Continuous context changes the category of what is possible. Not just richer answers to questions you ask, but the model recognising patterns you have not consciously noticed yourself. You have been checking the same flight price for six weeks. You have been gradually moving your research toward one neighbourhood over another. You have returned to the same topic in a pattern that suggests you haven't found the right framing for the decision yet, not because you're indecisive, but because you're still missing one piece.

The distinction between proactive and predictive is worth holding clearly. A proactive AI acts without being asked, based on a trigger or a timer. A predictive AI knows what you're likely to need before you articulate it, based on a pattern recognised from accumulated context. Proactive behaviour can be designed in advance for a general population. Predictive behaviour requires a genuine model of who you are, built from accumulated evidence of how you actually operate. A calendar reminder is proactive. Knowing you are about to run out of a prescription before you do is predictive, and it requires continuous observation rather than a rule.

Continuous context is what makes the second thing possible: not simply richer answers to questions you type, but a model that already understands what you are working through, which decisions are unresolved, which information gaps you keep returning to fill. The prompt shifts from being the starting point of the interaction to being the final clause of a much longer context that was already there.

The Architecture of a Better Prompt

The practical infrastructure for this is less exotic than it sounds. Browsing data describes your interests, your research state, your purchase intent, your attention patterns. It requires not surveillance-grade access to new information but a system that collects what your browser already knows, structures it coherently, and makes it available as context before the question is asked.

This is part of what Prism is building. The browsing data that currently feeds advertising algorithms is captured locally first, encrypted under your control, and made available as a context layer for AI inference. Instead of explaining your situation to a model from scratch, the model has already read three months of relevant behaviour. The question you ask is the final page of a file it has been through. The improvement in what the model can offer is not a matter of surface polish.

The privacy architecture is not incidental to this; it is the condition that makes the whole project worth doing. A context-fed AI that reports to a third party is the existing advertising system with a smarter engine.

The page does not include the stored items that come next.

(* Let $P$ be a poset on $\{1,\ldots,n\}$ and $k$ a field. The ideal $\mathcal{I}_P$ of the ring $R_P$ is a principal ideal if and only if $P$ satisfies the labelled-$\delta$-chain condition. Furthermore, in this case $\mathcal{I}_P$ is generated by $\mathbf{x}^{\delta}$, i.e. $f_{\min}=\delta$, where $f_{\min}\in\mathcal{A}(P)$ is the element with $f_{\min}+\mathcal{A}^{\mathrm{weak}}(P)=\mathcal{A}(P)$.
   Context: All posets are finite, on labels $\{1,\ldots,n\}$. $\mathcal{A}^{\mathrm{weak}}(P)$ is the set of maps $f:\{1,\ldots,n\}\to\mathbb{N}$ with $f(i)\ge f(j)$ whenever $i<_Pj$; $\mathcal{A}(P)\subseteq\mathcal{A}^{\mathrm{weak}}(P)$ consists of those $f$ with additionally $f(i)>f(j)$ whenever $i<_Pj$ and $i>j$ as integers. $R_P\subseteq k[x_1,\ldots,x_n]$ is the span of $\mathbf{x}^f=\prod_ix_i^{f(i)}$, $f\in\mathcal{A}^{\mathrm{weak}}(P)$, and $\mathcal{I}_P$ is the ideal of $R_P$ spanned by $\mathbf{x}^f$, $f\in\mathcal{A}(P)$; $\mathcal{I}_P$ is principal if and only if there is $f_{\min}\in\mathcal{A}(P)$ with $f_{\min}+\mathcal{A}^{\mathrm{weak}}(P)=\mathcal{A}(P)$. A covering relation $i\lessdot_Pj$ is strict if $i>j$ as integers. $\delta(i)$ is the maximum, over all saturated chains in $P_{\ge i}$ starting at $i$, of the number of strict covering relations in the chain. $P$ satisfies the labelled-$\delta$-chain condition if for every $i$, all saturated chains from $i$ to a maximal element of $P_{\ge i}$ have the same number $\delta(i)$ of strict covering relations. *)

theory Defs
  imports Main "HOL-Library.Poly_Mapping"
begin

definition is_poset :: "nat \<Rightarrow> (nat \<Rightarrow> nat \<Rightarrow> bool) \<Rightarrow> bool" where
  "is_poset n lt \<longleftrightarrow>
     (\<forall>i j. lt i j \<longrightarrow> i \<in> {1..n} \<and> j \<in> {1..n}) \<and>
     (\<forall>i. \<not> lt i i) \<and>
     (\<forall>i j k. lt i j \<longrightarrow> lt j k \<longrightarrow> lt i k)"

definition A_weak :: "nat \<Rightarrow> (nat \<Rightarrow> nat \<Rightarrow> bool) \<Rightarrow> (nat \<Rightarrow>\<^sub>0 nat) set" where
  "A_weak n lt = {f. Poly_Mapping.keys f \<subseteq> {1..n} \<and>
                     (\<forall>i j. lt i j \<longrightarrow> Poly_Mapping.lookup f i \<ge> Poly_Mapping.lookup f j)}"

definition A_strict :: "nat \<Rightarrow> (nat \<Rightarrow> nat \<Rightarrow> bool) \<Rightarrow> (nat \<Rightarrow>\<^sub>0 nat) set" where
  "A_strict n lt = {f. f \<in> A_weak n lt \<and>
                     (\<forall>i j. lt i j \<longrightarrow> i > j \<longrightarrow> Poly_Mapping.lookup f i > Poly_Mapping.lookup f j)}"

text \<open>Polynomials over k in the variables x_i: maps from exponent vectors to coefficients.
  The monomial x^f.\<close>
definition xmon :: "(nat \<Rightarrow>\<^sub>0 nat) \<Rightarrow> ((nat \<Rightarrow>\<^sub>0 nat) \<Rightarrow>\<^sub>0 'k::field)" where
  "xmon f = Poly_Mapping.single f 1"

definition R_P :: "nat \<Rightarrow> (nat \<Rightarrow> nat \<Rightarrow> bool) \<Rightarrow> ((nat \<Rightarrow>\<^sub>0 nat) \<Rightarrow>\<^sub>0 'k::field) set" where
  "R_P n lt = {p. Poly_Mapping.keys p \<subseteq> A_weak n lt}"
lemma not_spanned_by_others:
  assumes g: "g \<in> S" shows "\<not> spanned_by E (S - {g}) (col E g)"
proof
  assume spanned: "spanned_by E (S - {g}) (col E g)"
  have "generating_set E (S - {g})"
    unfolding generating_set_def
  proof
    fix k
    show "spanned_by E (S - {g}) (col E k)"
    proof (rule spanned_by_trans)
      show "spanned_by E S (col E k)" using generating unfolding generating_set_def by blast
    next
      fix h assume "h \<in> S"
      then show "spanned_by E (S - {g}) (col E h)"
        using spanned by (cases "h = g") (auto intro: spanned_by_col)
    qed
  qed
  then have "card S \<le> card (S - {g})" by (rule card_least)
  moreover have "card (S - {g}) < card S" using card_Diff1_less[OF finite[of S] g] .
  ultimately show False by linarith
qed

lemma col_eq_vshift_col:
  assumes "j \<in> S" "j' \<in> S" "col E j = vshift c (col E j')"
  shows "j = j'"
proof (rule ccontr)
  assume ne: "j \<noteq> j'"
  have col_j: "col E j i = c + E i j'" for i
    using fun_cong[OF assms(3), of i] by (simp add: vshift_def col_def)
  then have "c \<le> resid E j' (col E j)"
    by (intro resid_greatest) simp
  then have "spanned_by E (S - {j}) (col E j)"
    unfolding spanned_by_def using assms(2) ne col_j by force
  then show False using not_spanned_by_others assms(1) by blast
qed

lemma vshift_col_inj:
  assumes "j \<in> S" "k \<in> S" "vshift c (col E j) = vshift c' (col E k)"
  shows "j = k \<and> c = c'"
proof -
  have entries: "c + E i j = c' + E i k" for i
    using fun_cong[OF assms(3), of i] by (simp add: vshift_def col_def)
  then have "col E j = vshift (c' - c) (col E k)"
    by (auto simp: vshift_def col_def algebra_simps)
  then have "j = k" using col_eq_vshift_col assms by blast
  with entries show ?thesis by auto
qed

text \<open>A vector of the column space strictly below \<open>col E g\<close> is spanned by the generators,
  but not by \<open>g\<close> alone; so wherever it touches \<open>col E g\<close>, another generator reaches \<open>col E g\<close>.\<close>
lemma touching_below_col:
  assumes g: "g \<in> S" and x: "in_colspace E x" and below: "\<And>i. x i \<le> E i g"
    and ne: "x \<noteq> col E g" and touch: "x i = E i g"
  shows "\<exists>h\<in>S - {g}. E i g \<le> resid E h (col E g) + E i h"
proof -
  have "resid E g x < 0"
  proof (rule ccontr)
    assume "\<not> resid E g x < 0"
    then have "E i' g \<le> x i'" for i' using resid_le[of E g x i'] by linarith
    then have "x = col E g" using below by (auto simp: fun_eq_iff col_def intro: order_antisym)
    with ne show False by blast
  qed
  obtain h where h: "h \<in> S" "x i \<le> resid E h x + E i h"
    using spanned_by_generating_set[OF generating x] unfolding spanned_by_def by blast
  have "h \<noteq> g" using h \<open>resid E g x < 0\<close> touch by auto
  moreover have "resid E h x \<le> resid E h (col E g)" by (rule resid_mono) (simp add: col_def below)
  ultimately show ?thesis using h touch by (intro bexI[of _ h]) auto
qed
text \<open>If \<open>p\<close> divides \<open>D\<close> and \<open>B = c x\<^sup>k p\<close>, the identity gives \<open>p | B' C\<close>, and \<open>p \<nmid> B'\<close>
  because \<open>p\<close> is squarefree and coprime to \<open>x\<close>.\<close>
lemma irreducible_dvd_of_jacobi_identity:
  fixes p :: "'a::{field_char_0, field_gcd} poly"
  assumes irr: "irreducible p" and p0: "poly p 0 \<noteq> 0"
    and jacobi: "A * D = B * pderiv C - pderiv B * C"
    and "p dvd D" and B: "B = smult c ([:0,1:] ^ k * p)" and "c \<noteq> 0"
  shows "p dvd C"
proof -
  have "p dvd B * pderiv C - A * D" using \<open>p dvd D\<close> B by (simp add: dvd_smult)
  also have "B * pderiv C - A * D = pderiv B * C" using jacobi by simp
  finally have "p dvd pderiv B * C" .
  moreover have "\<not> p dvd pderiv B"
    using irreducible_not_dvd_pderiv_X_power_mult[OF irr p0] B \<open>c \<noteq> 0\<close>
    by (simp add: pderiv_smult dvd_smult_iff)
  ultimately show ?thesis
    using prime_elem_dvd_mult_iff prime_elem_iff_irreducible irr by blast
qed

lemma irreducible_hermR_dvd_swap_last:
  assumes "sorted_wrt (<) (F @ [a, b])"
    and "irreducible (hermR (F @ [a]))" and "hermR (F @ [a]) dvd hermR (F @ [a, b])"
  shows "hermR (F @ [a]) dvd hermR (F @ [b])"
proof -
  have sorted: "sorted_wrt (<) (F @ [a])" "sorted_wrt (<) (F @ [b])" "sorted_wrt (<) (F @ [a, b])"
    using assms(1) by (auto simp: sorted_wrt_append)
  define p where "p = hermR (F @ [a])"
  have irr: "irreducible p" and "p dvd hermR (F @ [a, b])"
    using assms(2,3) unfolding p_def by simp_all
  have p0: "poly p 0 \<noteq> 0" unfolding p_def by (rule hermP_factorization(2)[OF sorted(1)])
  obtain cB kB where B: "cB \<noteq> 0" "wronskian (map herm (F @ [a])) = smult cB ([:0,1:] ^ kB * p)"
    using herm_wronskian_factorization[OF sorted(1)] unfolding p_def by blast
  obtain cC kC where C: "cC \<noteq> 0"
      "wronskian (map herm (F @ [b])) = smult cC ([:0,1:] ^ kC * hermR (F @ [b]))"
    using herm_wronskian_factorization[OF sorted(2)] by blast
  obtain cD kD where D: "cD \<noteq> 0"
      "wronskian (map herm (F @ [a, b])) = smult cD ([:0,1:] ^ kD * hermR (F @ [a, b]))"
    using herm_wronskian_factorization[OF sorted(3)] by blast
  have "hermR (F @ [a, b]) \<noteq> 0" using hermP_factorization(2)[OF sorted(3)] by auto
  then have "wronskian (map herm F @ [herm a, herm b]) \<noteq> 0" using D by simp
  from wronskian_jacobi[OF this] have jacobi:
    "wronskian (map herm F) * wronskian (map herm (F @ [a, b]))
      = wronskian (map herm (F @ [a])) * pderiv (wronskian (map herm (F @ [b])))
        - pderiv (wronskian (map herm (F @ [a]))) * wronskian (map herm (F @ [b]))"
    by simp
  have "p dvd wronskian (map herm (F @ [a, b]))"
    using D(2) \<open>p dvd hermR (F @ [a, b])\<close> by (simp add: dvd_smult)
  with irreducible_dvd_of_jacobi_identity[OF irr p0 jacobi _ B(2,1)]
  have "p dvd wronskian (map herm (F @ [b]))" by blast
  then have "p dvd [:0,1:] ^ kC * hermR (F @ [b])"
    using C by (simp add: dvd_smult_iff)
  then have "p dvd hermR (F @ [b])"
    using irreducible_not_dvd_X_power[OF irr p0] prime_elem_dvd_mult_iff
      prime_elem_iff_irreducible irr by blast
  then show ?thesis unfolding p_def .
qed

theorem mainTheorem19:
  fixes ns :: "nat list" and r :: nat
  assumes "length ns = r" and "r \<ge> 2"
    and "sorted_wrt (<) ns"
    and "irreducible (hermR (butlast ns))"
    and "hermR (butlast ns) dvd hermR ns"
  shows "hermR (butlast ns) dvd hermR (take (r - 2) ns @ [last ns])"
proof -
  obtain F a b where ns: "ns = F @ [a, b]"
    using assms(1,2) by (metis append.left_neutral append_Cons append_assoc impossible_Cons
      length_Cons list.size(3) not_numeral_le_zero numeral_2_eq_2 rev_exhaust)
  have "butlast ns = F @ [a]" and "take (r - 2) ns @ [last ns] = F @ [b]"
    using assms(1) unfolding ns by (simp_all add: butlast_append)
  moreover have "hermR (F @ [a]) dvd hermR (F @ [b])"
    using irreducible_hermR_dvd_swap_last assms(3-5) \<open>butlast ns = F @ [a]\<close>
    unfolding ns by simp
  ultimately show ?thesis by simp
qed

end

The only version of this worth building is one where the context accumulates in your wallet, reasoned over by a model working in your interest, without the data leaving your control.

The Next Phase of Prompt Engineering

Prompt engineering had a productive run. The craft of constructing precise, well-staged questions to extract useful responses from language models became a genuine specialisation, with real technique behind it. It was the right response to a real limitation: models without context need better questions.

The next development is not better questions but better context. A model situated in your actual browsing history, populated with your real research patterns, embedded in your life rather than a blank conversation window, does not need you to be a skilled prompter. It needs access to what you have already been doing. The skill of asking well becomes less important as the supply of relevant context improves.

That shift, from prompt engineering to context engineering, is probably the most significant change in how AI becomes useful at the personal level over the next few years. Most of the hard technical problems are already solved, and the remaining challenge is architectural: finding a way for the context to accumulate under your control rather than someone else's. That question has proved easy to state and inconvenient to answer, which is precisely why it remains the most interesting one to work on.